ResearchIndex

Complexity-Effective Superscalar Processors

by Subbarao Palacharla, Norman P. Jouppi, J. E. Smith

show details

You need to log in to add tags and post comments.

Tags

Public comments

#1 posted on Nov 27 2013, 20:33 in collection CMU 18-740: Computer Architecture -- Fall 13
The paper presents an interesting analysis on what might be the bottleneck in a out of order processor when desiring to increase the clock rate and also reduce the lithography of the design. The paper shows three components that cause the most significant delay in complex architectures. These three components are: the register renaming logic which mainly takes care of register mapping from architectural to physical, the instruction wakeup and selection logic that dispatches an instruction to its designated functional unit when all its operands are available and finally the bypassing logic that handles supply of values to stalling instructions as soon as possible. It is shown that when the issue width of the processor is increased the delay caused by the underlying circuits also increases. The paper proposes different solutions to this problem, first by applying a clustering on the window that handles the in flight instructions. The structures that are taken into account are FIFO queues and also windows that are not centralized, but actually distributed in different clusters.
As stated in the previous paragraph, the paper presents an interesting analysis on what my become bottlenecks when having complexity and high clock rate hand in hand. The analysis is very informative, especially that it goes from the circuit level and shows how by increasing the size of the issue width and the window size, circuits must be added to sustain the high number of instructions. This increase of circuits also adds extra delays in delivering the results. The paper makes a clear remark that with the decrease in lithography things might become even worse if complexity increases. Another interesting aspect related to the paper, is the solution that it is trying to give out. The solution is mainly the idea that the Alpha 21264 was based upon. Instead of having the a monolithic register file and instruction queue, why not cluster, make them distributed. It is an interesting idea, however as stated in the paper inter cluster communication would actually degrade performance. Another idea presented in the paper was to use FIFO queues instead of windows for storing the instructions, and instead of broadcasting the results to all of the instructions, broadcast it only to the head of the queues.

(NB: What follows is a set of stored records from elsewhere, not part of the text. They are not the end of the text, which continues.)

(* Let $k_1,k_3,a_2,a_5$ be real constants with $(a_2,a_5)\neq(0,0)$, let $r=\sqrt{x^2+y^2}$, and consider the Newtonian system $\ddot x=-\partial_x V_5$, $\ddot y=-\partial_y V_5$ on the region where $r\neq 0$ and $a_2y-a_5x\neq0$, with potential $$V_5=\frac{k_1}{(a_2y-a_5x)^2}+\frac{k_3(a_2x+a_5y)}{r(a_2y-a_5x)^2}.$$ Let \begin{align*} \tilde J_3=&(x\dot y-y\dot x)^2(a_2\dot x+a_5\dot y)+\frac{2k_1r^2}{(a_2y-a_5x)^2}(a_2\dot x+a_5\dot y)+\frac{k_3r}{a_2y-a_5x}(a_2\dot y-a_5\dot x)\\ &-\frac{k_3(a_2x+a_5y)}{r(a_2y-a_5x)}(x\dot y-y\dot x)+\frac{2k_3(a_2x+a_5y)r}{(a_2y-a_5x)^2}(a_2\dot x+a_5\dot y). \end{align*} Then the time-dependent function $$J_5=-t\,\tilde J_3+(a_2x+a_5y)(x\dot y-y\dot x)^2+\frac{2k_1r^2(a_2x+a_5y)}{(a_2y-a_5x)^2}+\frac{2k_3r(a_2x+a_5y)^2}{(a_2y-a_5x)^2}+k_3r$$ is constant along every solution (as is $\tilde J_3$). *)

theory Defs
  imports "HOL-Analysis.Analysis"
begin

definition rad :: "real \<Rightarrow> real \<Rightarrow> real" where
  "rad x y = sqrt (x^2 + y^2)"

definition V5 :: "real \<Rightarrow> real \<Rightarrow> real \<Rightarrow> real \<Rightarrow> real \<Rightarrow> real \<Rightarrow> real" where
  "V5 k1 k3 a2 a5 x y =
     k1 / (a2*y - a5*x)^2 + k3 * (a2*x + a5*y) / (rad x y * (a2*y - a5*x)^2)"

definition J3t :: "real \<Rightarrow> real \<Rightarrow> real \<Rightarrow> real \<Rightarrow> real \<Rightarrow> real \<Rightarrow> real \<Rightarrow> real \<Rightarrow> real" where
  "J3t k1 k3 a2 a5 x y xd yd =
     (x*yd - y*xd)^2 * (a2*xd + a5*yd)
     + 2*k1*(rad x y)^2 / (a2*y - a5*x)^2 * (a2*xd + a5*yd)
     + k3 * rad x y / (a2*y - a5*x) * (a2*yd - a5*xd)
     - k3 * (a2*x + a5*y) / (rad x y * (a2*y - a5*x)) * (x*yd - y*xd)
     + 2*k3*(a2*x + a5*y) * rad x y / (a2*y - a5*x)^2 * (a2*xd + a5*yd)"

definition J5 :: "real \<Rightarrow> real \<Rightarrow> real \<Rightarrow> real \<Rightarrow> real \<Rightarrow> real \<Rightarrow> real \<Rightarrow> real \<Rightarrow> real \<Rightarrow> real" where
  "J5 k1 k3 a2 a5 t x y xd yd =
     - t * J3t k1 k3 a2 a5 x y xd yd
     + (a2*x + a5*y) * (x*yd - y*xd)^2
     + 2*k1*(rad x y)^2*(a2*x + a5*y) / (a2*y - a5*x)^2
     + 2*k3*rad x y*(a2*x + a5*y)^2 / (a2*y - a5*x)^2
     + k3 * rad x y"

end

theory Submission
  imports Defs
begin

text \<open>Pass to the rotated coordinates \<open>s = a2 x + a5 y\<close>, \<open>d = a2 y - a5 x\<close>, with velocities
  \<open>p = s'\<close>, \<open>q = d'\<close> and angular momentum \<open>L = x y' - y x'\<close>. Along a solution of Newton's
  equations for \<open>V5\<close>, the derivatives \<open>p'\<close>, \<open>q'\<close>, \<open>L'\<close> are explicit rational functions of
  \<open>s\<close>, \<open>d\<close> and \<open>r\<close> (e.g. \<open>p' = -k3/r\<^sup>3\<close>), and \<open>r' = (s p + d q)/((a2\<^sup>2 + a5\<^sup>2) r)\<close>.
  In these variables one checks by direct differentiation that \<open>J3t\<close> has derivative zero and
  that the time-independent part \<open>K\<close> of \<open>J5 = -t J3t + K\<close> has derivative \<open>J3t\<close>, so that
  \<open>J5' = -J3t - t J3t' + K' = 0\<close>.\<close>

lemma has_real_derivative_rad[derivative_intros]:
  assumes f: "(f has_real_derivative f') (at t within S)"
    and g: "(g has_real_derivative g') (at t within S)"
    and nz: "rad (f t) (g t) \<noteq> 0"
    and D: "D = (f t * f' + g t * g') / rad (f t) (g t)"
  shows "((\<lambda>t. rad (f t) (g t)) has_real_derivative D) (at t within S)"
proof -
  have pos: "f t ^ 2 + g t ^ 2 > 0"
    using nz unfolding rad_def by (metis add_nonneg_nonneg less_eq_real_def real_sqrt_zero zero_le_power2)
  have sum_sq: "((\<lambda>t. f t ^ 2 + g t ^ 2) has_real_derivative 2 * f t * f' + 2 * g t * g') (at t within S)"
    by (auto intro!: derivative_eq_intros f g)
  have "inverse (sqrt (f t ^ 2 + g t ^ 2)) / 2 * (2 * f t * f' + 2 * g t * g') = D"
    using nz pos unfolding D rad_def by (simp add: field_simps)
  then show ?thesis
    unfolding rad_def using DERIV_chain2[OF DERIV_real_sqrt[OF pos] sum_sq] by simp
qed

lemma rad_power2: "(rad x y)\<^sup>2 = x\<^sup>2 + y\<^sup>2"
  unfolding rad_def by simp

text \<open>The radius is a separate argument \<open>r\<close>, so that the identities below become
  polynomial identities modulo \<open>r\<^sup>2 = x\<^sup>2 + y\<^sup>2\<close>.\<close>

definition V5_x :: "real \<Rightarrow> real \<Rightarrow> real \<Rightarrow> real \<Rightarrow> real \<Rightarrow> real \<Rightarrow> real \<Rightarrow> real" where
  "V5_x k1 k3 a2 a5 x y r = 2*k1*a5/(a2*y - a5*x)^3
     + k3 * (a2/(r*(a2*y - a5*x)^2) - (a2*x + a5*y)*x/(r^3*(a2*y - a5*x)^2)
             + 2*a5*(a2*x + a5*y)/(r*(a2*y - a5*x)^3))"

definition V5_y :: "real \<Rightarrow> real \<Rightarrow> real \<Rightarrow> real \<Rightarrow> real \<Rightarrow> real \<Rightarrow> real \<Rightarrow> real" where
  "V5_y k1 k3 a2 a5 x y r = -2*k1*a2/(a2*y - a5*x)^3
     + k3 * (a5/(r*(a2*y - a5*x)^2) - (a2*x + a5*y)*y/(r^3*(a2*y - a5*x)^2)
             - 2*a2*(a2*x + a5*y)/(r*(a2*y - a5*x)^3))"

lemma has_real_derivative_V5_x:
  assumes "rad x y \<noteq> 0" and "a2*y - a5*x \<noteq> 0"
  shows "((\<lambda>u. V5 k1 k3 a2 a5 u y) has_real_derivative V5_x k1 k3 a2 a5 x y (rad x y)) (at x)"
proof -
  have "a2*y \<noteq> a5*x" using assms(2) by simp
  show ?thesis
    unfolding V5_def V5_x_def
    apply (rule derivative_eq_intros refl | (simp add: assms \<open>a2*y \<noteq> a5*x\<close>; fail))+
    using assms by (simp add: field_simps) algebra
qed

lemma has_real_derivative_V5_y:
  assumes "rad x y \<noteq> 0" and "a2*y - a5*x \<noteq> 0"
  shows "((\<lambda>v. V5 k1 k3 a2 a5 x v) has_real_derivative V5_y k1 k3 a2 a5 x y (rad x y)) (at y)"
proof -
  have "a2*y \<noteq> a5*x" using assms(2) by simp
  show ?thesis
    unfolding V5_def V5_y_def
    apply (rule derivative_eq_intros refl | (simp add: assms \<open>a2*y \<noteq> a5*x\<close>; fail))+
    using assms by (simp add: field_simps) algebra
qed

lemma V5_force_s_component:
  fixes x y r :: real
  assumes "r \<noteq> 0" and "a2*y - a5*x \<noteq> 0" and r2: "r\<^sup>2 = x\<^sup>2 + y\<^sup>2"
  shows "a2 * - V5_x k1 k3 a2 a5 x y r + a5 * - V5_y k1 k3 a2 a5 x y r = - k3 / r^3"
proof -
  obtain d where d: "a2*y - a5*x = d" by simp
  show ?thesis
    unfolding V5_x_def V5_y_def d using assms d
    apply (simp add: field_simps)
    using r2 d by algebra
qed

lemma V5_force_d_component:
  fixes x y r :: real
  assumes "r \<noteq> 0" and "a2*y - a5*x \<noteq> 0" and r2: "r\<^sup>2 = x\<^sup>2 + y\<^sup>2"
  shows "a2 * - V5_y k1 k3 a2 a5 x y r - a5 * - V5_x k1 k3 a2 a5 x y r =
     2*k1*(a2\<^sup>2 + a5\<^sup>2)/(a2*y - a5*x)^3 + k3*(a2*x + a5*y)/(r^3*(a2*y - a5*x))
       + 2*(a2\<^sup>2 + a5\<^sup>2)*k3*(a2*x + a5*y)/(r*(a2*y - a5*x)^3)"
proof -
  obtain d where d: "a2*y - a5*x = d" by simp
  show ?thesis
    unfolding V5_x_def V5_y_def d using assms d
    apply (simp add: field_simps)
    using r2 d by algebra
qed

lemma V5_torque:
  fixes x y r :: real
  assumes "r \<noteq> 0" and "a2*y - a5*x \<noteq> 0" and r2: "r\<^sup>2 = x\<^sup>2 + y\<^sup>2"
  shows "x * - V5_y k1 k3 a2 a5 x y r - y * - V5_x k1 k3 a2 a5 x y r =
     2*k1*(a2*x + a5*y)/(a2*y - a5*x)^3 + k3/(r*(a2*y - a5*x))
       + 2*k3*(a2*x + a5*y)^2/(r*(a2*y - a5*x)^3)"
proof -
  obtain d where d: "a2*y - a5*x = d" by simp
  show ?thesis
    unfolding V5_x_def V5_y_def d using assms d
    apply (simp add: field_simps)
    using r2 d by algebra
qed

definition J3_reduced :: "real \<Rightarrow> real \<Rightarrow> real \<Rightarrow> real \<Rightarrow> real \<Rightarrow> real \<Rightarrow> real \<Rightarrow> real \<Rightarrow> real" where
  "J3_reduced k1 k3 L p q s d r =
     L^2 * p + 2*k1*r^2/d^2 * p + k3*r/d * q - k3 * s/(r*d) * L + 2*k3 * s * r/d^2 * p"

definition J5_static :: "real \<Rightarrow> real \<Rightarrow> real \<Rightarrow> real \<Rightarrow> real \<Rightarrow> real \<Rightarrow> real" where
  "J5_static k1 k3 L s d r = s * L^2 + 2*k1*r^2 * s/d^2 + 2*k3*r * s^2/d^2 + k3*r"

lemma J3t_eq_J3_reduced:
  "J3t k1 k3 a2 a5 x y xd yd =
     J3_reduced k1 k3 (x*yd - y*xd) (a2*xd + a5*yd) (a2*yd - a5*xd) (a2*x + a5*y) (a2*y - a5*x) (rad x y)"
  unfolding J3t_def J3_reduced_def by simp

lemma J5_eq_J3t_J5_static:
  "J5 k1 k3 a2 a5 t x y xd yd =
     - t * J3t k1 k3 a2 a5 x y xd yd + J5_static k1 k3 (x*yd - y*xd) (a2*x + a5*y) (a2*y - a5*x) (rad x y)"
  unfolding J5_def J5_static_def by simp

text \<open>\<open>A\<close> plays the role of \<open>a2\<^sup>2 + a5\<^sup>2\<close>.\<close>

locale reduced_flow_at =
  fixes k1 k3 A t :: real and L p q s d r :: "real \<Rightarrow> real"
  assumes L_deriv: "(L has_real_derivative
      2*k1 * s t/d t^3 + k3/(r t * d t) + 2*k3 * s t^2/(r t * d t^3)) (at t)"
    and p_deriv: "(p has_real_derivative - k3/r t^3) (at t)"
    and q_deriv: "(q has_real_derivative
      2*k1*A/d t^3 + k3 * s t/(r t^3 * d t) + 2*A*k3 * s t/(r t * d t^3)) (at t)"
    and s_deriv: "(s has_real_derivative p t) (at t)"
    and d_deriv: "(d has_real_derivative q t) (at t)"
    and r_deriv: "(r has_real_derivative (s t * p t + d t * q t)/(A * r t)) (at t)"
    and r_nz: "r t \<noteq> 0" and d_nz: "d t \<noteq> 0" and A_nz: "A \<noteq> 0"
    and angular_momentum: "A * L t = s t * q t - d t * p t"
    and radius: "A * (r t)\<^sup>2 = (s t)\<^sup>2 + (d t)\<^sup>2"
begin

lemma has_real_derivative_J3_reduced:
  "((\<lambda>t. J3_reduced k1 k3 (L t) (p t) (q t) (s t) (d t) (r t)) has_real_derivative 0) (at t)"
  unfolding J3_reduced_def
  apply (rule derivative_eq_intros refl L_deriv p_deriv q_deriv s_deriv d_deriv r_deriv
      | (simp add: r_nz d_nz; fail))+
  using r_nz d_nz A_nz apply (simp add: field_simps)
  using angular_momentum radius by algebra
(* Let $G_{\|v_0}$ be a well-initialized prefix-independent game, let $\epsilon\ge0$ and let $\bar\sigma$ be an $\epsilon$-SPE in $G_{\|v_0}$. Then there exists an $\epsilon$-fixed point $\lambda$ of the negotiation function such that for every history $hv$ of $G_{\|v_0}$, the play $\langle\bar\sigma_{\|hv}\rangle_v$ is $\lambda$-consistent.
   Context: A game is a tuple $G=(\Pi,V,(V_i)_{i\in\Pi},E,\mu)$ where $\Pi$ is a finite set of players, $(V,E)$ is a finite directed graph in which every vertex has at least one outgoing edge, $(V_i)_{i\in\Pi}$ is a partition of $V$, and $\mu:V^\omega\to\mathbb{R}^\Pi$ is the outcome function. Plays, histories, strategies, profiles, compatibility and $\langle\bar\sigma\rangle_v$ are as usual; $G_{\|v_0}$ is $G$ initialized at $v_0$ and is well-initialized if every vertex is reachable from $v_0$ in $(V,E)$; $-i$ denotes $\Pi\setminus\{i\}$; $\bar\sigma_{\|hv}$ is the profile in $G_{\|v}$ with $\sigma_{j\|hv}(h')=\sigma_j(hh')$. $G$ is prefix-independent if $\mu(h\rho)=\mu(\rho)$ for every history $h$ and play $\rho$. A profile $\bar\sigma$ in $G_{\|v_0}$ is an $\epsilon$-SPE if for every history $hv$ of $G_{\|v_0}$, every player $i$ and strategy $\sigma'_i$, $\mu_i(h\langle\bar\sigma_{-i\|hv},\sigma'_{i\|hv}\rangle_v)\le\mu_i(h\langle\bar\sigma_{\|hv}\rangle_v)+\epsilon$. A requirement is a map $\lambda:V\to\mathbb{R}\cup\{\pm\infty\}$. A play $\rho$ is $\lambda$-consistent if for every $i\in\Pi$ and $n$ with $\rho_n\in V_i$, $\mu_i(\rho_n\rho_{n+1}\cdots)\ge\lambda(\rho_n)$. $\lambda\mathrm{Rat}_i(v)$ is the set of profiles $\bar\sigma_{-i}$ in $G_{\|v}$ for which there exists $\sigma_i$ such that for every history $hw$ from $v$ compatible with $\bar\sigma_{-i}$, $\langle\bar\sigma_{\|hw}\rangle_w$ is $\lambda$-consistent. For $i\in\Pi$, $v\in V_i$: $\mathrm{nego}(\lambda)(v)=\inf_{\bar\sigma_{-i}\in\lambda\mathrm{Rat}_i(v)}\sup_{\sigma_i}\mu_i(\langle\bar\sigma_{-i},\sigma_i\rangle_v)$, $\inf\emptyset=+\infty$. $\lambda$ is an $\epsilon$-fixed point of $\mathrm{nego}$ if $\lambda(v)-\epsilon\le\mathrm{nego}(\lambda)(v)\le\lambda(v)+\epsilon$ for all $v$ (with $\pm\infty\pm\epsilon=\pm\infty$). *)

theory Defs
  imports Complex_Main "HOL-Library.Extended_Real"
begin
lemma char_noisy_sum_gaussian_decay:
  assumes tau: "\<forall>i<n. \<bar>w i\<bar> \<le> \<tau>" and norm: "(\<Sum>i<n. (w i)\<^sup>2) = 1"
    and \<gamma>: "0 \<le> \<gamma>" "\<gamma> \<le> 1" and u: "\<bar>u\<bar> * \<tau> \<le> 14/5"
  shows "cmod (measure_pmf.expectation (Pi_pmf {..<n} False (\<lambda>i. noisy_bit \<gamma> (x i)))
            (\<lambda>y. cis (u * bit_inner n w y)))
         \<le> exp (- (\<gamma> * (101/150)\<^sup>2 / 8) * u\<^sup>2)"
proof -
  define \<kappa> :: real where "\<kappa> = 101/150"
  define s where "s i = (sin (u * w i / 2))\<^sup>2" for i
  have sin_lower: "\<kappa>\<^sup>2 * (u\<^sup>2 / 4) * (w i)\<^sup>2 \<le> s i" if "i < n" for i
  proof -
    have "\<bar>u * w i / 2\<bar> \<le> \<bar>u\<bar> * \<tau> / 2"
      using tau that by (simp add: abs_mult mult_left_mono)
    then have "((1 - (7/5)\<^sup>2 / 6) * (u * w i / 2))\<^sup>2 \<le> s i"
      unfolding s_def using u by (intro sin_sq_ge_linear) (auto simp: power2_eq_square)
    moreover have "\<kappa>\<^sup>2 * (u\<^sup>2 / 4) * (w i)\<^sup>2 = ((1 - (7/5)\<^sup>2 / 6) * (u * w i / 2))\<^sup>2"
      by (simp add: \<kappa>_def power2_eq_square)
    ultimately show ?thesis by linarith
  qed
  have "(\<Prod>i<n. 1 - \<gamma> * s i) \<le> (\<Prod>i<n. exp (- (\<gamma> * s i)))"
  proof (intro prod_mono conjI)
    fix i
    have "\<gamma> * s i \<le> 1 * 1"
      using \<gamma> by (intro mult_mono) (auto simp: s_def abs_square_le_1)
    then show "0 \<le> 1 - \<gamma> * s i" by simp
    show "1 - \<gamma> * s i \<le> exp (- (\<gamma> * s i))"
      using exp_ge_add_one_self[of "- (\<gamma> * s i)"] by simp
  qed
  also have "\<dots> = exp (- (\<gamma> * (\<Sum>i<n. s i)))"
    by (simp add: exp_sum[symmetric] sum_negf sum_distrib_left)
  also have "\<dots> \<le> exp (- (\<gamma> * (\<kappa>\<^sup>2 * (u\<^sup>2 / 4))))"
  proof -
    have "\<kappa>\<^sup>2 * (u\<^sup>2 / 4) = \<kappa>\<^sup>2 * (u\<^sup>2 / 4) * (\<Sum>i<n. (w i)\<^sup>2)"
      using norm by simp
    also have "\<dots> = (\<Sum>i<n. \<kappa>\<^sup>2 * (u\<^sup>2 / 4) * (w i)\<^sup>2)"
      by (rule sum_distrib_left)
    also have "\<dots> \<le> (\<Sum>i<n. s i)" using sin_lower by (intro sum_mono) auto
    finally have "\<gamma> * (\<kappa>\<^sup>2 * (u\<^sup>2 / 4)) \<le> \<gamma> * (\<Sum>i<n. s i)"
      using \<gamma> by (intro mult_left_mono) auto
    then show ?thesis by simp
  qed
  also have "\<dots> = (exp (- (\<gamma> * \<kappa>\<^sup>2 / 8) * u\<^sup>2))\<^sup>2"
    by (simp add: power2_eq_square exp_add[symmetric])
  finally have "(cmod (measure_pmf.expectation (Pi_pmf {..<n} False (\<lambda>i. noisy_bit \<gamma> (x i)))
            (\<lambda>y. cis (u * bit_inner n w y))))\<^sup>2 \<le> (exp (- (\<gamma> * \<kappa>\<^sup>2 / 8) * u\<^sup>2))\<^sup>2"
    using norm_char_noisy_sum[OF \<gamma>, of n x u w] unfolding s_def by linarith
  then show ?thesis unfolding \<kappa>_def by (rule power2_le_imp_le) simp
qed

lemma anticoncentration_constant:
  fixes \<gamma> \<tau> h \<alpha> :: real
  assumes \<gamma>: "\<gamma> > 0" and \<tau>: "\<tau> > 0" and h: "h \<ge> 0"
    and \<alpha>: "\<alpha> = 1 / (5 * \<tau> / 7 + 5 * h / 3)"
  shows "sqrt pi / (2 * sqrt (\<gamma> * (101/150)\<^sup>2 / 8)) / (\<alpha> * (47/50)\<^sup>2)
           \<le> 8 * h / sqrt \<gamma> + 4 * \<tau> / sqrt \<gamma>"
proof -
  define k :: real where "k = (101/150) * (47/50)\<^sup>2"
  define L where "L = 5 * \<tau> / 7 + 5 * h / 3"
  have L: "L > 0" using \<tau> h by (simp add: L_def)
  have sqrt8: "sqrt 8 = 2 * sqrt (2::real)"
    using real_sqrt_mult[of 4 2] by simp
  have sqrt_c: "sqrt (\<gamma> * (101/150)\<^sup>2 / 8) = sqrt \<gamma> * (101/150) / (2 * sqrt 2)"
    by (simp add: real_sqrt_mult real_sqrt_divide sqrt8)
  have "sqrt pi / (2 * sqrt (\<gamma> * (101/150)\<^sup>2 / 8)) / (\<alpha> * (47/50)\<^sup>2)
      = sqrt (2 * pi) * L / (k * sqrt \<gamma>)"
    unfolding sqrt_c \<alpha> L_def using \<gamma> L[unfolded L_def] by (simp add: k_def real_sqrt_mult field_simps)
  also have "\<dots> \<le> (251/100) * L / (k * sqrt \<gamma>)"
  proof -
    have "sqrt (2 * pi) \<le> sqrt ((251/100)\<^sup>2)"
      using pi_approx(2) by (intro real_sqrt_le_mono) (simp add: power2_eq_square)
    then show ?thesis using \<gamma> L by (intro divide_right_mono mult_right_mono) (auto simp: k_def)
  qed
  also have "\<dots> \<le> (8 * h + 4 * \<tau>) / sqrt \<gamma>"
  proof -
    have "(251/100) * L \<le> k * (8 * h + 4 * \<tau>)"
      using \<tau> h by (simp add: L_def k_def power2_eq_square)
    then have "(251/100) * L / k \<le> 8 * h + 4 * \<tau>"
      by (simp add: k_def pos_divide_le_eq mult.commute)
    then have "(251/100) * L / k / sqrt \<gamma> \<le> (8 * h + 4 * \<tau>) / sqrt \<gamma>"
      using \<gamma> by (intro divide_right_mono) auto
    then show ?thesis by (simp add: mult_ac)
  qed
  finally show ?thesis by (simp add: add_divide_distrib)
qed
lemma quotient_smult:
  assumes r: "r \<in> carrier R" and x: "x \<in> carrier M"
  shows "r \<odot>\<^bsub>Q\<^esub> proj x = proj (r \<odot>\<^bsub>M\<^esub> x)"
proof -
  have "{r \<odot>\<^bsub>M\<^esub> a \<oplus>\<^bsub>M\<^esub> n | a n. a \<in> proj x \<and> n \<in> N} = proj (r \<odot>\<^bsub>M\<^esub> x)"
  proof (intro equalityI subsetI)
    fix z assume "z \<in> {r \<odot>\<^bsub>M\<^esub> a \<oplus>\<^bsub>M\<^esub> n | a n. a \<in> proj x \<and> n \<in> N}"
    then obtain n m where nm: "n \<in> N" "m \<in> N" "z = r \<odot>\<^bsub>M\<^esub> (x \<oplus>\<^bsub>M\<^esub> m) \<oplus>\<^bsub>M\<^esub> n"
      by (auto simp: mem_proj_iff)
    have "z = (r \<odot>\<^bsub>M\<^esub> x) \<oplus>\<^bsub>M\<^esub> (r \<odot>\<^bsub>M\<^esub> m \<oplus>\<^bsub>M\<^esub> n)"
      using nm x r subsetD[OF N_subset nm(1)] subsetD[OF N_subset nm(2)]
      by (simp add: a_ac smult_r_distr)
    then show "z \<in> proj (r \<odot>\<^bsub>M\<^esub> x)" using nm N_add N_smult r by (auto simp: mem_proj_iff)
  next
    fix z assume "z \<in> proj (r \<odot>\<^bsub>M\<^esub> x)"
    then show "z \<in> {r \<odot>\<^bsub>M\<^esub> a \<oplus>\<^bsub>M\<^esub> n | a n. a \<in> proj x \<and> n \<in> N}"
      using proj_self[OF x] by (auto simp: mem_proj_iff)
  qed
  then show ?thesis by (simp add: quot_module_def)
qed

lemma quotient_module: "module R Q"
proof (rule moduleI)
  show "abelian_group Q"
  proof (rule abelian_groupI)
    fix U assume "U \<in> carrier Q"
    then obtain x where x: "x \<in> carrier M" "U = proj x" by (rule quotient_cases)
    then have "proj (\<ominus>\<^bsub>M\<^esub> x) \<oplus>\<^bsub>Q\<^esub> U = \<zero>\<^bsub>Q\<^esub>"
      by (simp add: quotient_add quotient_zero proj_zero l_neg)
    moreover have "proj (\<ominus>\<^bsub>M\<^esub> x) \<in> carrier Q" using x by (simp add: quotient_carrier)
    ultimately show "\<exists>V\<in>carrier Q. V \<oplus>\<^bsub>Q\<^esub> U = \<zero>\<^bsub>Q\<^esub>" by blast
  qed (auto elim!: quotient_cases
        simp: quotient_add quotient_zero quotient_carrier a_ac)
qed (auto elim!: quotient_cases intro: is_cring
      simp: quotient_smult quotient_add quotient_carrier smult_l_distr smult_r_distr smult_assoc1)
(* Let $A$, $\bar A$, $H$ be as in the context. Then $\frac m4\le\kappa([\bar A;A])=\kappa(H)=\frac{\sin\left(\frac{(3m_1m_2-1)\pi}{6m_1m_2}\right)}{\sin\left(\frac{\pi}{6m_1m_2}\right)}<m$.
   Context: Let $L_f>0$, integers $m_1\ge2$, $m_2\ge1$ with $m_1m_2$ even, $m=3m_1m_2$, $\bar d\ge5$ odd. $J_p\in\mathbb R^{(p-1)\times p}$ has $-1$ at $(k,k)$, $1$ at $(k,k+1)$, zero elsewhere. $H=mL_f(J_m\otimes I_{\bar d})$. $\mathcal M=\{im_1:i=1,\dots,3m_2-1\}$, $\mathcal M^C=\{1,\dots,m-1\}\setminus\mathcal M$; $\bar A=mL_f(J_{\mathcal M}\otimes I_{\bar d})$, $A=mL_f(J_{\mathcal M^C}\otimes I_{\bar d})$ where $J_{\mathcal M},J_{\mathcal M^C}$ are the rows of $J_m$ indexed by $\mathcal M,\mathcal M^C$. $[\bar A;A]$ is $\bar A$ stacked above $A$. For a matrix $M$, $\kappa(M)=\sqrt{\lambda_{\max}(MM^\top)/\lambda^+_{\min}(MM^\top)}$, where $\lambda^+_{\min}$ is the smallest positive eigenvalue. *)

theory Defs
  imports Complex_Main "Jordan_Normal_Form.Char_Poly"
begin

definition Jmat :: "nat \<Rightarrow> real mat" where
  "Jmat p = mat (p - 1) p (\<lambda>(k, j). if j = k then -1 else if j = k + 1 then 1 else 0)"

definition kron :: "real mat \<Rightarrow> real mat \<Rightarrow> real mat" where
  "kron A B = mat (dim_row A * dim_row B) (dim_col A * dim_col B)
     (\<lambda>(i, j). A $$ (i div dim_row B, j div dim_col B) * B $$ (i mod dim_row B, j mod dim_col B))"

definition select_rows :: "real mat \<Rightarrow> nat list \<Rightarrow> real mat" where
  "select_rows A rs = mat (length rs) (dim_col A) (\<lambda>(i, j). A $$ (rs ! i, j))"

definition stack :: "real mat \<Rightarrow> real mat \<Rightarrow> real mat" where
  "stack A B = mat (dim_row A + dim_row B) (dim_col A)
     (\<lambda>(i, j). if i < dim_row A then A $$ (i, j) else B $$ (i - dim_row A, j))"

(* index sets, 1-indexed as in the paper, listed increasingly *)
definition Mset :: "nat \<Rightarrow> nat \<Rightarrow> nat list" where
  "Mset m1 m2 = map (\<lambda>i. i * m1) [1..<3 * m2]"

definition MCset :: "nat \<Rightarrow> nat \<Rightarrow> nat list" where
  "MCset m1 m2 = filter (\<lambda>k. k \<notin> set (Mset m1 m2)) [1..<3 * m1 * m2]"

This has a very big side effect, namely if there is a stream of dependent instructions that are fed in the queues, those instructions will block future instructions that are completely independent on the dependent ones, because those will not fire, because only the head of the queue goes first. Another negative aspect is how well does the separation of instructions work, because you would really need to have as little communication between clusters as possible.
All in all the paper presented some interesting aspects regarding complexity of out of order processors and high rate clock speeds. One conclusion would be that complexity and clock speed do not quite go hand in hand.